67  

Пока Пол все еще был без сознания, его удерживали над шипом крепкие кожаные ремни под мышками, которые привязывали его к спинке кресла. Обе его лодыжки тоже были привязаны к передним ножкам. Как только я ослаблю ремень, он будет предоставлен собственным ресурсам, зависящим от мускулов его икр и плеч, чтобы избежать кровожадного шипа, аккуратно прикрепленного в точности под его анусом. Поскольку кресло такое высокое, что только большие пальцы его ног могут коснуться пола, я не думаю, что он продержится очень долго.

Его глаза выразили тот же панический страх, который уже был мне знаком по глазам Адама. Но положение, в котором он оказался, – это ведь дело его рук. Я так и говорю ему, прежде чем снять клейкую ленту со рта.

– Я понятия не имел, совершенно не имел, – пролепетал он. – Мне жаль, мне очень жаль. Позвольте помириться с вами. Только отвяжите меня, и я обещаю, что мы начнем все сначала.

Я качаю головой.

– Роберт Максвелл сказал одну очень правильную вещь. Доверие подобно девственности – утратить его можно только один раз. У вас душа предательская, Пол. Как же я могу вам верить?

Зубы у него стучат – вряд ли от холода.

– Я совершил ошибку, – лепечет он. – Я это понял. Всякий человек может ошибиться. Пожалуйста, все, о чем я прошу, дайте мне возможность исправить ее. Я могу, я обещаю!

– Тогда докажите, – говорю я. – Докажите, что говорите серьезно. Докажите, что хотите меня.

Я смотрю на его съежившийся пенис и мошонку, и это вместо ожидаемой красоты! Он опять обманул меня.

– Н-не здесь, не так. Я не могу! – Его голос превратился в жалобное завывание.

– Либо так, либо никак. Здесь или нигде, – говорю я. – Кстати, если вам интересно, знайте, что вы привязаны к креслу Иуды. – И я подробно объясняю ему, как работает это кресло. Мне хотелось, чтобы он сделал выбор, основанный на знании. Пока я говорю, его лицо становится серым и липким от страха. Когда я объясняю насчет электричества, он совершенно утрачивает самообладание и контроль над мочевым пузырем. Вонь душит меня.

Я бью его с такой силой, что голова с треском ударяется о заднюю доску Иудина кресла. Он кричит слезы выступают у него на глазах.
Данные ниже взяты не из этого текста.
(* For every integer $k\ge2$ there exist a set $V$ with $|V|=k^2$ and a partial orientation $o$ on $V$ such that: (i) among any four distinct elements of $V$ some three $x,y,z$ satisfy $o(xyz)=0$; (ii) for all distinct $A,B,C,D\in V$, $o(ABD)=o(BCD)=o(CAD)=1$ implies $o(ABC)=1$; (iii) for all distinct $A,B,C,D\in V$, if $o(ABC)=o(ABD)=0$, $o(ACD)\ne0$ and $o(BCD)\ne0$, then $o(ACD)=o(BCD)$; and (iv) the largest subset $S\subseteq V$ such that $o(xyz)=0$ for all distinct $x,y,z\in S$ has exactly $2k-1$ elements.
   Context: A partial orientation on $V$ is a map $o$ from ordered triples of distinct elements of $V$ to $\{+1,0,-1\}$ with $o(uvw)=o(wuv)=o(vwu)=-o(uwv)=-o(vuw)=-o(wvu)$. *)

theory Defs
  imports Main
begin

text \<open>Values outside triples of distinct elements of V are irrelevant.\<close>
definition partial_orientation :: "'a set \<Rightarrow> ('a \<Rightarrow> 'a \<Rightarrow> 'a \<Rightarrow> int) \<Rightarrow> bool" where
  "partial_orientation V ori \<longleftrightarrow>
     (\<forall>u\<in>V. \<forall>v\<in>V. \<forall>w\<in>V. distinct [u, v, w] \<longrightarrow>
        ori u v w \<in> {-1, 0, 1} \<and>
        ori u v w = ori w u v \<and> ori u v w = ori v w u \<and>
        ori u v w = - ori u w v \<and> ori u v w = - ori v u w \<and> ori u v w = - ori w v u)"

definition zero_subset :: "'a set \<Rightarrow> ('a \<Rightarrow> 'a \<Rightarrow> 'a \<Rightarrow> int) \<Rightarrow> 'a set \<Rightarrow> bool" where
  "zero_subset V ori S \<longleftrightarrow>
     S \<subseteq> V \<and> (\<forall>x\<in>S. \<forall>y\<in>S. \<forall>z\<in>S. distinct [x, y, z] \<longrightarrow> ori x y z = 0)"

end

theory Submission
  imports Defs
begin

(* Plot the points (i, \<pi> i) for i < k^2, where \<pi> reverses each of the k blocks of k
   consecutive numbers. A triple gets a nonzero orientation only when its leftmost point lies
   strictly between the other two in height, and then the cyclic order of the heights.
   The leftmost of four points cannot lie between all three pairs of the others, which gives (i);
   heights on a line are in convex position as a cyclic order, so the hypothesis of (ii) never
   holds; (iii) is a case analysis on which of the four points is leftmost.
   A set is a zero set iff each of its points sees all later points on one side. Apart from its
   last point, it thus splits into points below all later ones and points above all later ones;
   each part together with the last point is a monotone subsequence of \<pi>. An increasing one
   meets every block at most once and a decreasing one stays inside a block, so a zero set has at
   most 2k - 1 points; the first points of the first k - 1 blocks followed by the whole last block
   attain this. *)

definition strictly_between :: "'a::linorder \<Rightarrow> 'a \<Rightarrow> 'a \<Rightarrow> bool" where
  "strictly_between u a b \<longleftrightarrow> (a < u \<and> u < b) \<or> (b < u \<and> u < a)"

definition leftmost_between :: "('a::linorder \<Rightarrow> 'b::linorder) \<Rightarrow> 'a \<Rightarrow> 'a \<Rightarrow> 'a \<Rightarrow> bool" where
  "leftmost_between f x y z \<longleftrightarrow>
     (x < y \<and> x < z \<and> strictly_between (f x) (f y) (f z)) \<or>
     (y < x \<and> y < z \<and> strictly_between (f y) (f x) (f z)) \<or>
     (z < x \<and> z < y \<and> strictly_between (f z) (f x) (f y))"

definition cyclic_sign :: "'a::linorder \<Rightarrow> 'a \<Rightarrow> 'a \<Rightarrow> int" where
  "cyclic_sign a b c = (if (a < b \<and> b < c) \<or> (b < c \<and> c < a) \<or> (c < a \<and> a < b) then 1 else -1)"

definition perm_orientation :: "('a::linorder \<Rightarrow> 'b::linorder) \<Rightarrow> 'a \<Rightarrow> 'a \<Rightarrow> 'a \<Rightarrow> int" where
  "perm_orientation f x y z = (if leftmost_between f x y z then cyclic_sign (f x) (f y) (f z) else 0)"

lemma strictly_between_commute: "strictly_between u a b \<longleftrightarrow> strictly_between u b a"
  unfolding strictly_between_def by auto

lemma leftmost_between_swap12: "leftmost_between f x y z \<longleftrightarrow> leftmost_between f y x z"
  unfolding leftmost_between_def by (auto simp: strictly_between_commute)

lemma leftmost_between_swap23: "leftmost_between f x y z \<longleftrightarrow> leftmost_between f x z y"
  unfolding leftmost_between_def by (auto simp: strictly_between_commute)

lemma leftmost_between_iff:
  "x < y \<Longrightarrow> x < z \<Longrightarrow> leftmost_between f x y z \<longleftrightarrow> strictly_between (f x) (f y) (f z)"
  unfolding leftmost_between_def by auto

lemma leftmost_between_imp_distinct: "leftmost_between f x y z \<Longrightarrow> distinct [x, y, z]"
  unfolding leftmost_between_def strictly_between_def by auto

lemma cyclic_sign_swap12: "distinct [a, b, c] \<Longrightarrow> cyclic_sign a b c = - cyclic_sign b a c"
  unfolding cyclic_sign_def by auto

lemma cyclic_sign_swap23: "distinct [a, b, c] \<Longrightarrow> cyclic_sign a b c = - cyclic_sign a c b"
  unfolding cyclic_sign_def by auto

lemma cyclic_sign_not_all_pos:
  "distinct [a, b, c, d] \<Longrightarrow> \<not> (cyclic_sign a b d = 1 \<and> cyclic_sign b c d = 1 \<and> cyclic_sign c a d = 1)"
  unfolding cyclic_sign_def by auto

lemma cyclic_sign_eq_if_same_side:
  "distinct [a, c, d] \<Longrightarrow> distinct [b, c, d] \<Longrightarrow>
    (strictly_between a c d \<longleftrightarrow> strictly_between b c d) \<Longrightarrow> cyclic_sign a c d = cyclic_sign b c d"
  unfolding cyclic_sign_def strictly_between_def by auto

lemma strictly_between_pigeonhole:
  "strictly_between u a b \<Longrightarrow> v \<noteq> u \<Longrightarrow> strictly_between u v a \<or> strictly_between u v b"
  unfolding strictly_between_def by auto

lemma strictly_between_not_outer: "strictly_between u a v \<Longrightarrow> \<not> strictly_between a u v"
  unfolding strictly_between_def by auto

lemma perm_orientation_swap12:
  "distinct [f x, f y, f z] \<Longrightarrow> perm_orientation f x y z = - perm_orientation f y x z"
  unfolding perm_orientation_def
  using leftmost_between_swap12[of f x y z] cyclic_sign_swap12[of "f x" "f y" "f z"] by simp

lemma perm_orientation_swap23:
  "distinct [f x, f y, f z] \<Longrightarrow> perm_orientation f x y z = - perm_orientation f x z y"
  unfolding perm_orientation_def
  using leftmost_between_swap23[of f x y z] cyclic_sign_swap23[of "f x" "f y" "f z"] by simp

lemma perm_orientation_eq_0_iff: "perm_orientation f x y z = 0 \<longleftrightarrow> \<not> leftmost_between f x y z"
  unfolding perm_orientation_def cyclic_sign_def by auto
– Ах ты, грязный, вонючий младенец! – кричу я на него. – Ты не заслуживаешь моей любви. Посмотри на себя, обоссался и хнычет, как девчонка. Ты не мужчина.

Внезапно я понимаю, что изо рта у меня вылетают те самые слова, которые мать говорила мне, и слетаю с катушек. Я продолжаю бить его и по хрусту с наслаждением понимаю, что нос не выдержал удара кулака. Я вне себя от негодования. Он одурачил меня, выдал себя за кого-то другого! Мне казалось, что Пол – сильный и смелый, умный и чувствительный, а он просто глупая, трусливая, развратная свинья, жалкая подделка под мужчину. Как мне могло прийти в голову, что он станет достойным партнером? Он даже не сопротивлялся, просто сидел и мяукал, как котенок, позволяя бить себя.

Задыхаясь от напряжения и гнева, я останавливаюсь. Отойдя, презрительно смотрю на него и вижу, как слезы прокладывают дорожки поверх запекшейся на лице крови.

– Ты сам обрек себя на это, – шиплю я. Все мои планы развеялись как дым.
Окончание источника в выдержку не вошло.